5

Wondering is there more simple way than computing the character count of a given string as below?

String word = "AAABBB";
    Map<String, Integer> charCount = new HashMap();
    for(String charr: word.split("")){
        Integer added = charCount.putIfAbsent(charr, 1);
        if(added != null)
            charCount.computeIfPresent(charr,(k,v) -> v+1);
    }

    System.out.println(charCount);
4
  • For ANSI characters, you can just have an array of size 256 and compute it. Commented Mar 12, 2019 at 19:10
  • @vivek_23 Which ANSI character set would that be? Or did you mean ASCII and 128? Commented Mar 12, 2019 at 19:39
  • 2
    @vivek_23 that is the windows code page 1252, not ANSI. The Unicode standard matches the iso-latin-1 character set for the first 256 codepoints. Referring to the windows code page 1252 is an unnecessary complication, as that code page does not match in the 128-159 range. Commented Jun 6, 2020 at 12:59
  • @Holger Ahh!

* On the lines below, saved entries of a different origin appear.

lemma inj_on_exp_divide:
  fixes w :: "nat \<Rightarrow> complex"
  assumes "m \<le> n" and "\<And>l. l < m \<Longrightarrow> \<bar>Im (w l) - (\<theta> + 2 * pi * l)\<bar> \<le> 1"
  shows "inj_on (\<lambda>l. exp (w l / n)) {..<m}"
proof (rule inj_onI)
  fix l l' assume l: "l \<in> {..<m}" and l': "l' \<in> {..<m}" and eq: "exp (w l / n) = exp (w l' / n)"
  have Im_diff: "\<bar>Im (w l) - Im (w l') - 2 * pi * (real l - real l')\<bar> \<le> 2"
    using assms(2)[of l] assms(2)[of l'] l l' by (auto simp: algebra_simps)
  have "n > 0" using l assms(1) by auto
  have "2 * pi * \<bar>real l - real l'\<bar> < 2 * pi * n - 2"
  proof -
    have "\<bar>real l - real l'\<bar> + 1 \<le> n" using l l' assms(1) by auto
    then have "2 * pi * (\<bar>real l - real l'\<bar> + 1) \<le> 2 * pi * n" by simp
    with pi_gt3 show ?thesis by (simp add: algebra_simps)
  qed
  moreover have "\<bar>Im (w l) - Im (w l')\<bar>
      \<le> \<bar>Im (w l) - Im (w l') - 2 * pi * (real l - real l')\<bar> + 2 * pi * \<bar>real l - real l'\<bar>"
    using abs_triangle_ineq[of "Im (w l) - Im (w l') - 2 * pi * (real l - real l')"
        "2 * pi * (real l - real l')"] by (simp add: abs_mult)
  ultimately have "\<bar>Im (w l) - Im (w l')\<bar> < 2 * pi * n" using Im_diff by linarith
  then have "\<bar>Im (w l / n) - Im (w l' / n)\<bar> < 2 * pi"
    using \<open>n > 0\<close> by (simp add: Im_divide_of_nat diff_divide_distrib[symmetric] field_simps)
  then have "w l = w l'" using exp_complex_eqI[OF _ eq] \<open>n > 0\<close> by simp
  with Im_diff have "2 * pi * \<bar>real l - real l'\<bar> \<le> 2" by (simp add: abs_mult)
  have "\<bar>real l - real l'\<bar> < 1"
  proof (rule ccontr)
    assume "\<not> \<bar>real l - real l'\<bar> < 1"
    then have "2 * pi * 1 \<le> 2 * pi * \<bar>real l - real l'\<bar>" by (intro mult_left_mono) auto
    with \<open>2 * pi * \<bar>real l - real l'\<bar> \<le> 2\<close> pi_gt3 show False by linarith
  qed
  then show "l = l'" by linarith
qed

Thanks for the correction. Deleted my previous comment to avoid confusion. Commented Jun 6, 2020 at 14:41

12 Answers 12

9

Simplest way to count occurrence of each character in a string, with full Unicode support (Java 11+)1:

String word = "AAABBB";
Map<String, Long> charCount = word.codePoints().mapToObj(Character::toString)
        .collect(Collectors.groupingBy(Function.identity(), Collectors.counting()));
System.out.println(charCount);

1) Java 8 version with full Unicode support is at the end of the answer.

Output

{A=3, B=3}

UPDATE: For Java 8+ (doesn't support characters from supplemental planes, e.g. emoji):

Map<String, Long> charCount = IntStream.range(0, word.length())
        .mapToObj(i -> word.substring(i, i + 1))
        .collect(Collectors.groupingBy(Function.identity(), Collectors.counting()));

UPDATE 2: Also for Java 8+.

I was mistaken, thinking that codePoints() wasn't added until Java 9. It was added in Java 8 to the CharSequence interface, so it doesn't show in javadoc for String in Java 8, and shows as added in Java 9 for later versions of the javadoc.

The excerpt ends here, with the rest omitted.